(PROVIDED INFORMATION begins)
lemma jacobson_r_closed:
  assumes x: "x \<in> jacobson R" and r: "r \<in> carrier R" shows "x \<otimes> r \<in> jacobson R"
proof (rule ccontr)
  assume "x \<otimes> r \<notin> jacobson R"
  have xc: "x \<in> carrier R" using x jacobson_subset by auto
  then have u: "x \<otimes> r \<in> Units R" using Units_if_notin_jacobson \<open>x \<otimes> r \<notin> jacobson R\<close> r by auto
  define z where "z = r \<otimes> inv (x \<otimes> r)"
  have zc: "z \<in> carrier R" using u r by (simp add: z_def)
  have xz: "x \<otimes> z = \<one>" using u r xc by (simp add: z_def m_assoc[symmetric])
  then have "z \<notin> jacobson R" using jacobson_l_closed[of z x] xc one_notin_jacobson by auto
  then have zu: "z \<in> Units R" using Units_if_notin_jacobson zc by auto
  have "x = x \<otimes> z \<otimes> inv z" using zu xc zc by (simp add: m_assoc)
  also have "\<dots> = inv z" using xz zu by simp
  finally show False using zu x jacobson_not_Units by auto
qed

lemma nilpotents_subset_jacobson: "nilpotents R \<subseteq> jacobson R"
proof
  fix x assume "x \<in> nilpotents R"
  then obtain k where x: "x \<in> carrier R" "x [^] (k::nat) = \<zero>" by (auto simp: nilpotents_def)
  show "x \<in> jacobson R"
  proof (rule ccontr)
    assume "x \<notin> jacobson R"
    then have "x [^] k \<in> Units R" using Units_if_notin_jacobson x(1) by (induction k) auto
    then show False using x(2) jacobson_zero jacobson_not_Units by auto
  qed
qed

lemma idempotent_eq_zero_or_one:
  assumes p: "p \<in> carrier R" "p \<otimes> p = p" shows "p = \<zero> \<or> p = \<one>"
proof (cases "p \<in> jacobson R")
  case True
  then have u: "\<one> \<ominus> p \<in> Units R" by (rule one_minus_jacobson_Units)
  have "p \<otimes> (\<one> \<ominus> p) = \<zero>" using p by (simp add: minus_eq r_distr r_minus r_neg)
  then have "p = \<zero> \<otimes> inv (\<one> \<ominus> p)" using p u by (metis Units_closed Units_inv_closed Units_r_inv m_assoc r_one)
  then show ?thesis using u by simp
next
  case False
  then show ?thesis using p Units_if_notin_jacobson Units_idempotent_eq_one by blast
qed
text \<open>If 2r \<le> k and J^r v = 0 for the nilpotent Jordan block J of size k, then v is
  supported on its first r \<le> k - r coordinates, so v = J^r u for u = v shifted down by r.\<close>
lemma kernel_in_image_jordan_block_pow:
  assumes "2 * r \<le> k"
  shows "kernel_in_image (jordan_block k (0 :: 'a :: field) ^\<^sub>m r)"
  unfolding kernel_in_image_def
proof
  let ?J = "jordan_block k (0 :: 'a) ^\<^sub>m r"
  have J: "?J \<in> carrier_mat k k" by simp
  fix v assume "v \<in> mat_kernel ?J"
  note vc = mat_kernelD(1)[OF J this] and v0 = mat_kernelD(2)[OF J this]
  have vanish: "v $ (i + r) = 0" if "i + r < k" for i
    using arg_cong[OF v0, of "\<lambda>w. w $ i"] jordan_block_zero_pow_mult_vec[OF vc, of i r] that by simp
  define u where "u = vec k (\<lambda>j. if r \<le> j then v $ (j - r) else 0)"
  have uc: "u \<in> carrier_vec k" unfolding u_def by simp
  have "?J *\<^sub>v u = v"
  proof (rule eq_vecI)
    fix i assume "i < dim_vec v"
    hence i: "i < k" using vc by simp
    show "(?J *\<^sub>v u) $ i = v $ i"
    proof (cases "i + r < k")
      case True
      hence "(?J *\<^sub>v u) $ i = u $ (i + r)" unfolding jordan_block_zero_pow_mult_vec[OF uc i] by simp
      also have "\<dots> = v $ i" unfolding u_def using True by simp
      finally show ?thesis .
    next
      case False
      hence "v $ ((i - r) + r) = 0" using vanish[of "i - r"] assms i by simp
      moreover have "(i - r) + r = i" using False assms i by simp
      ultimately show ?thesis unfolding jordan_block_zero_pow_mult_vec[OF uc i] using False by simp
    qed
  qed (use vc in simp)
  thus "\<exists>u \<in> carrier_vec (dim_col ?J). ?J *\<^sub>v u = v" using uc by auto
qed
(* Let $G_{\mathrm{vc}}=(V_{\mathrm{vc}},E_{\mathrm{vc}})$ be a vertex-capacitated graph with node-weighting $A_{\mathrm{vc}}$, and let $G_{\mathrm{ec}}=(V_{\mathrm{ec}},E_{\mathrm{ec}})$ be the corresponding directed edge-capacitated graph with node-weighting $A_{\mathrm{ec}}$. Then for all $h,s,\phi$: (1) If $A_{\mathrm{vc}}$ is $(h,s)$-length $\phi$-expanding in $G_{\mathrm{vc}}$, then $A_{\mathrm{ec}}$ is $(h,s)$-length $\phi$-expanding in $G_{\mathrm{ec}}$. (2) If $A_{\mathrm{ec}}$ is $(h,s)$-length $\phi$-expanding in $G_{\mathrm{ec}}$, then $A_{\mathrm{vc}}$ is $(h,s)$-length $\frac{\phi}{3}$-expanding in $G_{\mathrm{vc}}$.
   Context: Vertex-capacitated graph: finite undirected graph with positive integer lengths $\ell$ and capacities $u$ on vertices and edges; path length sums vertex and edge lengths. Corresponding directed graph: for each $v\in V_{\mathrm{vc}}$, add vertices $v_{\mathrm{in}},v_{\mathrm{mid}},v_{\mathrm{out}}$ and directed edges $(v_{\mathrm{in}},v_{\mathrm{mid}}),(v_{\mathrm{mid}},v_{\mathrm{out}}),(v_{\mathrm{in}},v_{\mathrm{out}})$, each with length $\ell(v)$ and capacity $u(v)$; for each edge $e=\{u,v\}\in E_{\mathrm{vc}}$ add directed edges $(u_{\mathrm{out}},v_{\mathrm{in}})$ and $(v_{\mathrm{out}},u_{\mathrm{in}})$ with length $\ell(e)$ and capacity $u(e)$; set $A_{\mathrm{ec}}(v_{\mathrm{mid}})=A_{\mathrm{vc}}(v)$ and $A_{\mathrm{ec}}=0$ on all other vertices. General notions: node-weighting $A\ge0$; demand $D:V\times V\to\mathbb{R}_{\ge0}$; $A$-respecting: $\max\{\sum_wD(v,w),\sum_wD(w,v)\}\le A(v)$; $h$-length: $D(v,w)>0\Rightarrow\mathrm{dist}(v,w)\le h$; symmetric: $D(v,w)=D(w,v)$. An $H$-length moving cut assigns to each edge (and, in a vertex-capacitated graph, also each vertex) $x$ a value $C(x)\in\{0,\tfrac1H,\dots\}\cap[0,1]$; $|C|=\sum_xu(x)C(x)$; $G-C$ has lengths $\ell(x)+H\cdot C(x)$; $\mathrm{sep}_{h'}(C,D)=\sum_{(u,v):\mathrm{dist}_{G-C}(u,v)>h'}D(u,v)$; $\mathrm{spars}_{h'}(C,D)=|C|/\mathrm{sep}_{h'}(C,D)$. For an $hs$-length moving cut $C$, $\mathrm{spars}_{(h,s)}(C,A)=\min\mathrm{spars}_{hs}(C,D)$ over $A$-respecting $h$-length demands $D$ — required to be symmetric in the directed graph $G_{\mathrm{ec}}$, arbitrary in $G_{\mathrm{vc}}$ (zero separation counts as $+\infty$). $A$ is $(h,s)$-length $\phi$-expanding if $\mathrm{spars}_{(h,s)}(C,A)\ge\phi$ for every $hs$-length moving cut $C$. *)

theory Defs
  imports "HOL-Analysis.Analysis" "HOL-Library.Extended_Real"
begin

definition cut_val :: "real \<Rightarrow> real \<Rightarrow> bool" where
  "cut_val H x \<longleftrightarrow> (\<exists>k::nat. x = real k / H) \<and> 0 \<le> x \<and> x \<le> 1"

definition demand_on :: "'v set \<Rightarrow> ('v \<Rightarrow> 'v \<Rightarrow> real) \<Rightarrow> bool" where
  "demand_on V D \<longleftrightarrow> (\<forall>u v. 0 \<le> D u v) \<and> (\<forall>u v. D u v \<noteq> 0 \<longrightarrow> u \<in> V \<and> v \<in> V)"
(PROVIDED INFORMATION ends)
Find each line above that contains "unfolding", and copy those lines.

→ **WRITTEN SOLUTION**
  unfolding kernel_in_image_def
  have uc: "u \<in> carrier_vec k" unfolding u_def by simp
      hence "(?J *\<^sub>v u) $ i = u $ (i + r)" unfolding jordan_block_zero_pow_mult_vec[OF uc i] by simp
      also have "\<dots> = v $ i" unfolding u_def using True by simp
      ultimately show ?thesis unfolding jordan_block_zero_pow_mult_vec[OF uc i] using False by simp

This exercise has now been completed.